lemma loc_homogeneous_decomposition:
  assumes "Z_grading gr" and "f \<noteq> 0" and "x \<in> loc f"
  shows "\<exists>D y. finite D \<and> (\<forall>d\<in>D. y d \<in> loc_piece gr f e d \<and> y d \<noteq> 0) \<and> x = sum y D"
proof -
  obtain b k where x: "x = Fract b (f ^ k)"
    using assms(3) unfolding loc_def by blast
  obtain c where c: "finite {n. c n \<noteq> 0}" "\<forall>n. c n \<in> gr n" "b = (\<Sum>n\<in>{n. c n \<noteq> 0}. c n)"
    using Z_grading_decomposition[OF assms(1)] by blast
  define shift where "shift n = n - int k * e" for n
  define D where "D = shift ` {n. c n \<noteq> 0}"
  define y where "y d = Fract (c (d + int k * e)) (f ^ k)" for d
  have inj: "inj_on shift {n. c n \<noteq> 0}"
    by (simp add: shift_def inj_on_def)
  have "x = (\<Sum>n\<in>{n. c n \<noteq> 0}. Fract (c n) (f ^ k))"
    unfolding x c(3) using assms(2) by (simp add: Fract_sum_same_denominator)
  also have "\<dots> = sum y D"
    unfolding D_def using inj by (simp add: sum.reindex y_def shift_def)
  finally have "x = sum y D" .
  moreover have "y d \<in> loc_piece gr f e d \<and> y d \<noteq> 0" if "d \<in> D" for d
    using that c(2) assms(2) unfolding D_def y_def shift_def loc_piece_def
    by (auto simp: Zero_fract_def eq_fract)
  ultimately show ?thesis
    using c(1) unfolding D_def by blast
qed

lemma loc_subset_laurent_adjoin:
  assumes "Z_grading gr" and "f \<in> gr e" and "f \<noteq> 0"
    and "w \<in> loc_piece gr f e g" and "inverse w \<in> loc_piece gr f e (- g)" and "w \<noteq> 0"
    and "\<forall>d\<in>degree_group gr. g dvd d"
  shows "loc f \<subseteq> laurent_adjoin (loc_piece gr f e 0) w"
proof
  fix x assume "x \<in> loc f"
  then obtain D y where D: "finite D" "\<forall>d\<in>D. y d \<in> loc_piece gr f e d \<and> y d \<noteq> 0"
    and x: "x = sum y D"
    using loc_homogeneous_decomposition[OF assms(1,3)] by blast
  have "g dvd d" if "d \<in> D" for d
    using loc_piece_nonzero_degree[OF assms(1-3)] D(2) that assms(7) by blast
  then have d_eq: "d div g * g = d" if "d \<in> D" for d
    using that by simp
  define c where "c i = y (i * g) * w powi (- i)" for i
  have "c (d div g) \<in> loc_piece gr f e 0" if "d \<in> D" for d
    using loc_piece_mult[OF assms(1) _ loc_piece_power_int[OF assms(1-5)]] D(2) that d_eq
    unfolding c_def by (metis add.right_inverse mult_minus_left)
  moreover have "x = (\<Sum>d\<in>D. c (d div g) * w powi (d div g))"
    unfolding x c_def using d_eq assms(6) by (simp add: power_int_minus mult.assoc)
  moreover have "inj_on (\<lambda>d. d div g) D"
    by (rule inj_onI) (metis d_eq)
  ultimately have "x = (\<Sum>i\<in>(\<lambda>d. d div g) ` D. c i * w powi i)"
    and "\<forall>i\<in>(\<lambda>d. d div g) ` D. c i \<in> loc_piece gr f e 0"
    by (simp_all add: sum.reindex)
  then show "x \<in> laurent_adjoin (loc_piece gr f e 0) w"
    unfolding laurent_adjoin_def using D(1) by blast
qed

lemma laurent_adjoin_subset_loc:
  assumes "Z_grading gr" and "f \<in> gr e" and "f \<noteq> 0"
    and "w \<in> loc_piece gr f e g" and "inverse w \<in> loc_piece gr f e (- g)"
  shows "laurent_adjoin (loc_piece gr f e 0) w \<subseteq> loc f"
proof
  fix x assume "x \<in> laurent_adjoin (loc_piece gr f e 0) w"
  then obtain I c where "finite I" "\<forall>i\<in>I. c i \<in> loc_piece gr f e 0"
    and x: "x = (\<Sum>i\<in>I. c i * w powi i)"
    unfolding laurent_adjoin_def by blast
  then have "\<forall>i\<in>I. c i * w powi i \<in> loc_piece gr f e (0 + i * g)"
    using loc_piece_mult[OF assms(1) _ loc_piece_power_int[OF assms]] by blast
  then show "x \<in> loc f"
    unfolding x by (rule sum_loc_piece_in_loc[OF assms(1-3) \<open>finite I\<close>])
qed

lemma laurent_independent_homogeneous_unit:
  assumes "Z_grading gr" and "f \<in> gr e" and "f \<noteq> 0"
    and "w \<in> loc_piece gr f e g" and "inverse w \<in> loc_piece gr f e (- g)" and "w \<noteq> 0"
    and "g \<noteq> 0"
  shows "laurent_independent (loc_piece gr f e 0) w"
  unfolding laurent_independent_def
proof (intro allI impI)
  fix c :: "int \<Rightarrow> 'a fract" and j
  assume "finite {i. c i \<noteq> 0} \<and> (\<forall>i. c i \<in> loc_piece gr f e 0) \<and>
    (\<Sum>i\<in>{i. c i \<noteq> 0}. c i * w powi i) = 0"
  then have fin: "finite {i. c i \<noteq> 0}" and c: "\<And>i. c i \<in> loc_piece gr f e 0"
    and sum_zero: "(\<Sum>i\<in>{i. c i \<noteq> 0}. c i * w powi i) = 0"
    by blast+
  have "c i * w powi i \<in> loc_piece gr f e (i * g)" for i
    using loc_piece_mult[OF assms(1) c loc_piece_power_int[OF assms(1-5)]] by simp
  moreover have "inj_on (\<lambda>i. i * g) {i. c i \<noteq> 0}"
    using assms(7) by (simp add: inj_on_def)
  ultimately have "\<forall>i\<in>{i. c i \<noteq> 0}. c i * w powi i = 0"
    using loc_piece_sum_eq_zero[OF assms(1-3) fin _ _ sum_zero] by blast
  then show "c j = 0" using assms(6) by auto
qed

* * *

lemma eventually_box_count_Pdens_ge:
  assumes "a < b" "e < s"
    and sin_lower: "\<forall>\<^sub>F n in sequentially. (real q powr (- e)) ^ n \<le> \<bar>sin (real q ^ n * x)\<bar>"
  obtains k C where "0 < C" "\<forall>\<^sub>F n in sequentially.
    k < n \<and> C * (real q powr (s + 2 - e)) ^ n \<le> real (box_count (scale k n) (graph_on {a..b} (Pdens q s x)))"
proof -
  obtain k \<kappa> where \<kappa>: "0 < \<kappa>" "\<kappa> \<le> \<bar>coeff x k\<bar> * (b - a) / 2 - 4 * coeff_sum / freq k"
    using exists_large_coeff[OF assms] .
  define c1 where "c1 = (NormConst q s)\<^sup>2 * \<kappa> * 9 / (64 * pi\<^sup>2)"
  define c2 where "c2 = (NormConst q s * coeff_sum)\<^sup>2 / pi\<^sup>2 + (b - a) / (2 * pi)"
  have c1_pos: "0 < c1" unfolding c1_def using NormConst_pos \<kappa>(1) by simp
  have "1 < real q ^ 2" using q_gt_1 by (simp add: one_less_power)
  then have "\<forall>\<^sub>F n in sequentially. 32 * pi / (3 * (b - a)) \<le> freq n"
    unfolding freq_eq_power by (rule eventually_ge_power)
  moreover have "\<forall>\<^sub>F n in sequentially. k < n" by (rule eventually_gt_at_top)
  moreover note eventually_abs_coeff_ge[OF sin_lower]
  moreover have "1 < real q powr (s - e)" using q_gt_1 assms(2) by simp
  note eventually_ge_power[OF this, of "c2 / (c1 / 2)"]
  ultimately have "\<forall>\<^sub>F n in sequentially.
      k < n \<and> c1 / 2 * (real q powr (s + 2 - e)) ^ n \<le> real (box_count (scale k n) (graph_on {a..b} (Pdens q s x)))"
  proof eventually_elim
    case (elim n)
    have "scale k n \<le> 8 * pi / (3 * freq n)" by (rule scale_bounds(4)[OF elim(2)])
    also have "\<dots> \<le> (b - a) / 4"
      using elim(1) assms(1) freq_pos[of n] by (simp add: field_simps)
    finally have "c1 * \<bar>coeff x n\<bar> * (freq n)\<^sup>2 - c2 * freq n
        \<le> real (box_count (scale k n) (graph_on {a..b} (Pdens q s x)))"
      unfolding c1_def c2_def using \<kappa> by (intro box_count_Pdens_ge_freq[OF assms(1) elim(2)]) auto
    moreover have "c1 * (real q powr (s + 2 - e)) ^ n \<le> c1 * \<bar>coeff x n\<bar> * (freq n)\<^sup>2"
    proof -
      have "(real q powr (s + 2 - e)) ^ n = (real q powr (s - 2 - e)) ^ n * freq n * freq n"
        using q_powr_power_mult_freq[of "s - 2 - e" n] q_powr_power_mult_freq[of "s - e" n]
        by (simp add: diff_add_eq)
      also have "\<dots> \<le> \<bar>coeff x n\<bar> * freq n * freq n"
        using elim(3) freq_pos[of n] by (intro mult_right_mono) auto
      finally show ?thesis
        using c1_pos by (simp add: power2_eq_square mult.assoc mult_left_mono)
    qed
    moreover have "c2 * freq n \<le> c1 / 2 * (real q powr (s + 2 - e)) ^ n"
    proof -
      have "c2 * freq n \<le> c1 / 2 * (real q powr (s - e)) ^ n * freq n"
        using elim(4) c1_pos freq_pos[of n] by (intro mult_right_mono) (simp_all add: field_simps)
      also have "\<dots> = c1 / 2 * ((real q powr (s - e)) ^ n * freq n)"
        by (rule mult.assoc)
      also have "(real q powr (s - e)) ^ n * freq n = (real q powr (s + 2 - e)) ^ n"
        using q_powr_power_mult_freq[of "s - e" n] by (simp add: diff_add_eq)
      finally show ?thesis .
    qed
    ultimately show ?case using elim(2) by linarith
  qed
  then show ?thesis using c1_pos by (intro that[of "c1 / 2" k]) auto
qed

* * *

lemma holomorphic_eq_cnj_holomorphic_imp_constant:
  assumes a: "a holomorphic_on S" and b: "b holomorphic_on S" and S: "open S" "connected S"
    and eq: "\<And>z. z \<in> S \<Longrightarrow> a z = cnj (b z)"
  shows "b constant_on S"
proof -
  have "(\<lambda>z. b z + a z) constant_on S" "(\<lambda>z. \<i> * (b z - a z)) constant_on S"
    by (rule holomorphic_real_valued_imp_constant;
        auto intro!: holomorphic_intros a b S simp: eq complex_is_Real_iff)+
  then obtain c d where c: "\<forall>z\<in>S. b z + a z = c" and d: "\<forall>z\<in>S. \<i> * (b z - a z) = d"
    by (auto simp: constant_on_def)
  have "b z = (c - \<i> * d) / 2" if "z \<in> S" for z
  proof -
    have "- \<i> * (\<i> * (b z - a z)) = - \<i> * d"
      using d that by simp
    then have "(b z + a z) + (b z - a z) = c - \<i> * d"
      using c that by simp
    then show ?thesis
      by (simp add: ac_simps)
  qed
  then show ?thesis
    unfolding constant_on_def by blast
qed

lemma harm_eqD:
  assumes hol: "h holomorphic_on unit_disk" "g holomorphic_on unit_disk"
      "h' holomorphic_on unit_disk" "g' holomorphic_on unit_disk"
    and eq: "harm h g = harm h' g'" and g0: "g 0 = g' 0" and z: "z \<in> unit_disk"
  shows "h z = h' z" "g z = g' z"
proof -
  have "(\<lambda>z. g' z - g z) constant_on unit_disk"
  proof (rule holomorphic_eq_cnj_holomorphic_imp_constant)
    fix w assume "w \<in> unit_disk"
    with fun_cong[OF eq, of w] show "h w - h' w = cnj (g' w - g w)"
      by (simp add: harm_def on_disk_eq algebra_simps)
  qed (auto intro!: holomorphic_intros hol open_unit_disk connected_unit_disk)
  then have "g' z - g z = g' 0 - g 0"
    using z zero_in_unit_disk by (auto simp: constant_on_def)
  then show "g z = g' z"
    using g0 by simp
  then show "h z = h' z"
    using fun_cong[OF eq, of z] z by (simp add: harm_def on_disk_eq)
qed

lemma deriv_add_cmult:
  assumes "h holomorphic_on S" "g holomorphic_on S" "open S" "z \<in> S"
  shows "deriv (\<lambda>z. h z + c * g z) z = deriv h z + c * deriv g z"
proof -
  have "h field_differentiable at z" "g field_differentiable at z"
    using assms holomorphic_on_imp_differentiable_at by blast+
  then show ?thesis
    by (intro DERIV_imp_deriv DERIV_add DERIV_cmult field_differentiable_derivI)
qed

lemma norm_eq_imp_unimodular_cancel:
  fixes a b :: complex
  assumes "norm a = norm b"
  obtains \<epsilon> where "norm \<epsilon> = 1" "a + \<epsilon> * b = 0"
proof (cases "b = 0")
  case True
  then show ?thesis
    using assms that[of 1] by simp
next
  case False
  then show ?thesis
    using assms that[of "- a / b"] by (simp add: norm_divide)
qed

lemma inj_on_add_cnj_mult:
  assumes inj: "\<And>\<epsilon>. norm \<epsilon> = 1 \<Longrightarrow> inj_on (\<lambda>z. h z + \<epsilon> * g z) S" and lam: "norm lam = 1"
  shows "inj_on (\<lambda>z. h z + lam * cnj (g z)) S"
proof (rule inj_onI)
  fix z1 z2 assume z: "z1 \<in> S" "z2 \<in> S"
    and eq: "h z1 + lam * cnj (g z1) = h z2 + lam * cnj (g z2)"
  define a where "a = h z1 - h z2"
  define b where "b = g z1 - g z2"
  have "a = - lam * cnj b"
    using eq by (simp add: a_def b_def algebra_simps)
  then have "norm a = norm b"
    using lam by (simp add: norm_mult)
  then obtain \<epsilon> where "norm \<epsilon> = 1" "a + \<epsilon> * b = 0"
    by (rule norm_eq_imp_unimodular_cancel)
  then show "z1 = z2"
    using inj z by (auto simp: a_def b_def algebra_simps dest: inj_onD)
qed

▶ Exercise requirements
Go through the entries and return each line where the word "subseteq" occurs.

▶ Reply to the task
  shows "loc f \<subseteq> laurent_adjoin (loc_piece gr f e 0) w"
  shows "laurent_adjoin (loc_piece gr f e 0) w \<subseteq> loc f"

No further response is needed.